Work to be completed =
Write out exactly the lines below that run from the one containing "- ?c) * (\<Sum>w\<in>states" through the one containing "using absorbed_prob_step_ge[OF s]", both included, with no other lines.

Raw data below:

lemma escape_rate_le_step_left:
  assumes "- int L < k" "k \<le> int L"
  shows "escape_rate \<le> step [S k] [S (k - 1)]"
proof -
  have "bond_set (k - 1) [S k] = {0}" by (auto simp: bond_set_def)
  moreover have "bond_split (k - 1) [S k] {0} = [S (k - 1)]"
    by (simp add: bond_split_def \<open>bond_set (k - 1) [S k] = {0}\<close>)
  ultimately have half: "pmf (bond_step (k - 1) [S k]) [S (k - 1)] = 1 / 2"
    using pmf_bond_step_bond_split[of "{0}" "k - 1" "[S k]"] by (simp add: split_weight_def)
  have "1 / 2 \<le> (\<Sum>k'\<in>{- int L .. int L - 1}. pmf (bond_step k' [S k]) [S (k - 1)])"
    unfolding half[symmetric] by (rule member_le_sum) (use assms in auto)
  also have "\<dots> \<le> (\<Sum>k'\<in>{- int L .. int L - 1}. pmf (bond_step k' [S k]) [S (k - 1)])
      + A / real L powr a * (if absorb_left L [S k] = [S (k - 1)] then 1 else 0)
      + B / real L powr b * (if absorb_right L [S k] = [S (k - 1)] then 1 else 0)"
    using A_pos B_pos by simp
  finally have "1 / 2 / rate \<le> step [S k] [S (k - 1)]"
    unfolding step_kernel_def by (rule divide_right_mono) (use rate_pos in simp)
  moreover have "escape_rate \<le> 1 / 2 / rate"
    unfolding escape_rate_def by (rule divide_right_mono[OF min.cobounded1]) (use rate_pos in simp)
  ultimately show ?thesis by linarith
qed

lemma escape_rate_le_step_absorb: "escape_rate \<le> step [S (- int L)] [Dm]"
proof -
  have "A / real L powr a \<le> (\<Sum>k'\<in>{- int L .. int L - 1}. pmf (bond_step k' [S (- int L)]) [Dm])
      + A / real L powr a * (if absorb_left L [S (- int L)] = [Dm] then 1 else 0)
      + B / real L powr b * (if absorb_right L [S (- int L)] = [Dm] then 1 else 0)"
    using B_pos by (simp add: absorb_left_def sum_nonneg)
  then have "A / real L powr a / rate \<le> step [S (- int L)] [Dm]"
    unfolding step_kernel_def by (rule divide_right_mono) (use rate_pos in simp)
  moreover have "escape_rate \<le> A / real L powr a / rate"
    unfolding escape_rate_def by (rule divide_right_mono[OF min.cobounded2]) (use rate_pos in simp)
  ultimately show ?thesis by linarith
qed

text \<open>Walking left one site per step and then jumping into \<open>\<delta>(-)\<close> has probability
  at least \<open>escape_rate\<close> per step.\<close>

lemma escape_rate_power_le_kpow_Dm:
  "- int L \<le> k \<Longrightarrow> k \<le> int L \<Longrightarrow> nat (k + int L) < j \<Longrightarrow> escape_rate ^ j \<le> kpow j [S k] [Dm]"
proof (induction j arbitrary: k)
  case (Suc j)
  obtain w where w: "w \<in> states L (Suc 0)" "escape_rate \<le> step [S k] w" "escape_rate ^ j \<le> kpow j w [Dm]"
  proof (cases "k = - int L")
    case True
    have "escape_rate ^ j \<le> kpow j [Dm] [Dm]"
      using kpow_absorbed_self[of "[Dm]"] escape_rate_pos escape_rate_le_1 by (simp add: power_le_one)
    then show ?thesis
      using that[of "[Dm]"] escape_rate_le_step_absorb True by (simp add: states_def sites_def)
  next
    case False
    then have "- int L < k" using Suc.prems by simp
    then show ?thesis
      using that[of "[S (k - 1)]"] Suc escape_rate_le_step_left by (simp add: states_def sites_def)
  qed
  have "escape_rate ^ Suc j \<le> step [S k] w * kpow j w [Dm]"
    using w escape_rate_pos by (simp add: mult_mono)
  also have "\<dots> \<le> (\<Sum>w\<in>states L (Suc 0). step [S k] w * kpow j w [Dm])"
    by (intro member_le_sum[OF w(1)] mult_nonneg_nonneg step_nonneg kpow_nonneg) simp
  also have "\<dots> = kpow (Suc j) [S k] [Dm]"
    by simp
  finally show ?case .
qed simp

definition absorbed_prob :: "nat \<Rightarrow> site list \<Rightarrow> real" where
  "absorbed_prob j s = kpow j s [Dm] + kpow j s [Dp]"

lemma absorbed_prob_add:
  "s \<in> states L n \<Longrightarrow> absorbed_prob (j + D) s = (\<Sum>w\<in>states L n. kpow j s w * absorbed_prob D w)"
  unfolding absorbed_prob_def kernel_pow_add[where s = s] by (simp add: distrib_left sum.distrib)

lemma absorbed_prob_le_1:
  assumes "s \<in> states L (Suc 0)"
  shows "absorbed_prob j s \<le> 1"
proof -
  have "absorbed_prob j s = (\<Sum>u\<in>{[Dm], [Dp]}. kpow j s u)"
    by (simp add: absorbed_prob_def)
  also have "\<dots> \<le> (\<Sum>u\<in>states L (Suc 0). kpow j s u)"
    by (rule sum_mono2[OF finite_states]) (auto simp: states_def sites_def kpow_nonneg)
  also have "\<dots> = 1" by (rule sum_kpow[OF assms])
  finally show ?thesis .
qed

lemma incseq_absorbed_prob: "s \<in> states L (Suc 0) \<Longrightarrow> incseq (\<lambda>j. absorbed_prob j s)"
  unfolding absorbed_prob_def
  by (intro incseq_SucI add_mono kpow_absorbed_Suc_ge) auto

lemma absorbed_prob_ge:
  assumes "w \<in> states L (Suc 0)"
  shows "escape_rate ^ Suc (2 * L) + (1 - escape_rate ^ Suc (2 * L)) * absorbed_prob 0 w
           \<le> absorbed_prob (Suc (2 * L)) w"
proof -
  let ?D = "Suc (2 * L)"
  obtain z where z: "w = [z]" "z \<in> sites L"
    using assms by (auto simp: states_def length_Suc_conv)
  have absorbed: "kpow ?D [z] [z] = 1" if "z \<in> {Dm, Dp}"
    by (rule kpow_absorbed_self) (use that in auto)
  show ?thesis
  proof (cases "z \<in> {Dm, Dp}")
    case True
    then show ?thesis
      using absorbed[OF True] kpow_nonneg[of ?D "[z]"] unfolding z(1) absorbed_prob_def
      by (auto simp del: kernel_pow.simps(2))
  next
    case False
    then obtain k where k: "z = S k" "- int L \<le> k" "k \<le> int L"
      using z(2) by (auto simp: sites_def)
    then have "escape_rate ^ ?D \<le> kpow ?D [S k] [Dm]"
      by (intro escape_rate_power_le_kpow_Dm) auto
    then show ?thesis
      using kpow_nonneg[of ?D "[S k]" "[Dp]"] unfolding z(1) k(1) absorbed_prob_def
      by (simp del: kernel_pow.simps(2))
  qed
qed

lemma absorbed_prob_step_ge:
  assumes s: "s \<in> states L (Suc 0)"
  shows "escape_rate ^ Suc (2 * L) + (1 - escape_rate ^ Suc (2 * L)) * absorbed_prob j s
           \<le> absorbed_prob (j + Suc (2 * L)) s"
proof -
  let ?c = "escape_rate ^ Suc (2 * L)"
  have "?c + (1 - ?c) * absorbed_prob j s
      = ?c * (\<Sum>w\<in>states L (Suc 0). kpow j s w)
        + (1 - ?c) * (\<Sum>w\<in>states L (Suc 0). kpow j s w * absorbed_prob 0 w)"
    using sum_kpow[OF s, of j] absorbed_prob_add[OF s, of j 0] by simp
  also have "\<dots> = (\<Sum>w\<in>states L (Suc 0). ?c * kpow j s w + (1 - ?c) * (kpow j s w * absorbed_prob 0 w))"
    by (simp add: sum_distrib_left sum.distrib)
  also have "\<dots> = (\<Sum>w\<in>states L (Suc 0). kpow j s w * (?c + (1 - ?c) * absorbed_prob 0 w))"
    by (intro sum.cong refl) (simp add: algebra_simps)
  also have "\<dots> \<le> (\<Sum>w\<in>states L (Suc 0). kpow j s w * absorbed_prob (Suc (2 * L)) w)"
    by (intro sum_mono mult_left_mono kpow_nonneg absorbed_prob_ge)
  also have "\<dots> = absorbed_prob (j + Suc (2 * L)) s"
    by (rule absorbed_prob_add[OF s, symmetric])
  finally show ?thesis .
qed

lemma absorbed_prob_tendsto_1:
  assumes s: "s \<in> states L (Suc 0)"
  shows "(\<lambda>j. absorbed_prob j s) \<longlonglongrightarrow> 1"
proof -
  let ?c = "escape_rate ^ Suc (2 * L)"
  obtain l where l: "(\<lambda>j. absorbed_prob j s) \<longlonglongrightarrow> l"
    using incseq_convergent[OF incseq_absorbed_prob[OF s]] absorbed_prob_le_1[OF s] by metis
  have "l \<le> 1"
    using absorbed_prob_le_1[OF s] by (intro LIMSEQ_le_const2[OF l]) auto
  have "?c + (1 - ?c) * l \<le> l"
    using absorbed_prob_step_ge[OF s]
    by (intro LIMSEQ_le[OF tendsto_add[OF tendsto_const tendsto_mult[OF tendsto_const l]]
          LIMSEQ_ignore_initial_segment[OF l, of "Suc (2 * L)"]]) blast
  then have "?c * (1 - l) \<le> 0" by (simp add: algebra_simps)
  moreover have "0 < ?c" using escape_rate_pos by (rule zero_less_power)
  ultimately have "1 - l \<le> 0" by (meson mult_pos_pos not_le)
  with \<open>l \<le> 1\<close> have "l = 1" by simp
  with l show ?thesis by simp
qed

lemma survival_tendsto_0:
  assumes "- int L \<le> k0" "k0 \<le> int L"
  shows "(\<lambda>j. \<Sum>k\<in>{- int L .. int L}. kpow j [S k0] [S k]) \<longlonglongrightarrow> 0"
proof -
  have s: "[S k0] \<in> states L (Suc 0)" using assms by (simp add: states_def sites_def)
  have states_1: "states L (Suc 0) = (\<lambda>k. [S k]) ` {- int L .. int L} \<union> {[Dm], [Dp]}"
    by (auto simp: states_def sites_def length_Suc_conv)
  have "1 = (\<Sum>u\<in>(\<lambda>k. [S k]) ` {- int L .. int L}. kpow j [S k0] u) + (\<Sum>u\<in>{[Dm], [Dp]}. kpow j [S k0] u)" for j
    using sum_kpow[OF s, of j] unfolding states_1 by (subst (asm) sum.union_disjoint) auto
  then have "1 = (\<Sum>k\<in>{- int L .. int L}. kpow j [S k0] [S k]) + absorbed_prob j [S k0]" for j
    by (simp add: sum.reindex inj_on_def absorbed_prob_def)
  then have "(\<lambda>j. \<Sum>k\<in>{- int L .. int L}. kpow j [S k0] [S k]) = (\<lambda>j. 1 - absorbed_prob j [S k0])"
    by (simp add: fun_eq_iff algebra_simps)
  also have "\<dots> \<longlonglongrightarrow> 1 - 1"
    by (intro tendsto_diff tendsto_const absorbed_prob_tendsto_1[OF s])
  finally show ?thesis by simp
qed

lemma kpow_delete_eq_sum:
  assumes s: "s \<in> states L n" and e: "set e \<subseteq> {Dm, Dp}" "length e = n" and i: "i < n"
  shows "kpow j (take i s @ drop (Suc i) s) (take i e @ drop (Suc i) e)
       = (\<Sum>z\<in>sites L. kpow j s (e[i := z]))"
proof -
  let ?ps = "[0..<i] @ [Suc i..<n]"
  have proj_ps: "proj ?ps u = take i u @ drop (Suc i) u" if "u \<in> states L n" for u
    using proj_delete[of i u] i length_states[OF that] by simp
  have "kpow j (take i s @ drop (Suc i) s) (take i e @ drop (Suc i) e)
      = (\<Sum>u | u \<in> states L n \<and> proj ?ps u = take i e @ drop (Suc i) e. kpow j s u)"
    using sum_fibre_kernel_pow[OF s, where ps = ?ps and A = A and B = B and a = a and b = b] proj_ps[OF s] i
    by (simp add: subset_iff)
  also have "{u. u \<in> states L n \<and> proj ?ps u = take i e @ drop (Suc i) e} = (\<lambda>z. e[i := z]) ` sites L"
    unfolding fibre_delete[OF e i, symmetric] using proj_ps by (intro Collect_cong) auto
  also have "(\<Sum>u\<in>\<dots>. kpow j s u) = (\<Sum>z\<in>sites L. kpow j s (e[i := z]))"
    using e(2) i by (subst sum.reindex) (auto simp: inj_on_def dest: arg_cong[where f = "\<lambda>u. u ! i"])
  finally show ?thesis .
qed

End of Raw data.

Answer for the task =
        + (1 - ?c) * (\<Sum>w\<in>states L (Suc 0). kpow j s w * absorbed_prob 0 w)"
    using sum_kpow[OF s, of j] absorbed_prob_add[OF s, of j 0] by simp
  also have "\<dots> = (\<Sum>w\<in>states L (Suc 0). ?c * kpow j s w + (1 - ?c) * (kpow j s w * absorbed_prob 0 w))"
    by (simp add: sum_distrib_left sum.distrib)
  also have "\<dots> = (\<Sum>w\<in>states L (Suc 0). kpow j s w * (?c + (1 - ?c) * absorbed_prob 0 w))"
    by (intro sum.cong refl) (simp add: algebra_simps)
  also have "\<dots> \<le> (\<Sum>w\<in>states L (Suc 0). kpow j s w * absorbed_prob (Suc (2 * L)) w)"
    by (intro sum_mono mult_left_mono kpow_nonneg absorbed_prob_ge)
  also have "\<dots> = absorbed_prob (j + Suc (2 * L)) s"
    by (rule absorbed_prob_add[OF s, symmetric])
  finally show ?thesis .
qed

lemma absorbed_prob_tendsto_1:
  assumes s: "s \<in> states L (Suc 0)"
  shows "(\<lambda>j. absorbed_prob j s) \<longlonglongrightarrow> 1"
proof -
  let ?c = "escape_rate ^ Suc (2 * L)"
  obtain l where l: "(\<lambda>j. absorbed_prob j s) \<longlonglongrightarrow> l"
    using incseq_convergent[OF incseq_absorbed_prob[OF s]] absorbed_prob_le_1[OF s] by metis
  have "l \<le> 1"
    using absorbed_prob_le_1[OF s] by (intro LIMSEQ_le_const2[OF l]) auto
  have "?c + (1 - ?c) * l \<le> l"
    using absorbed_prob_step_ge[OF s]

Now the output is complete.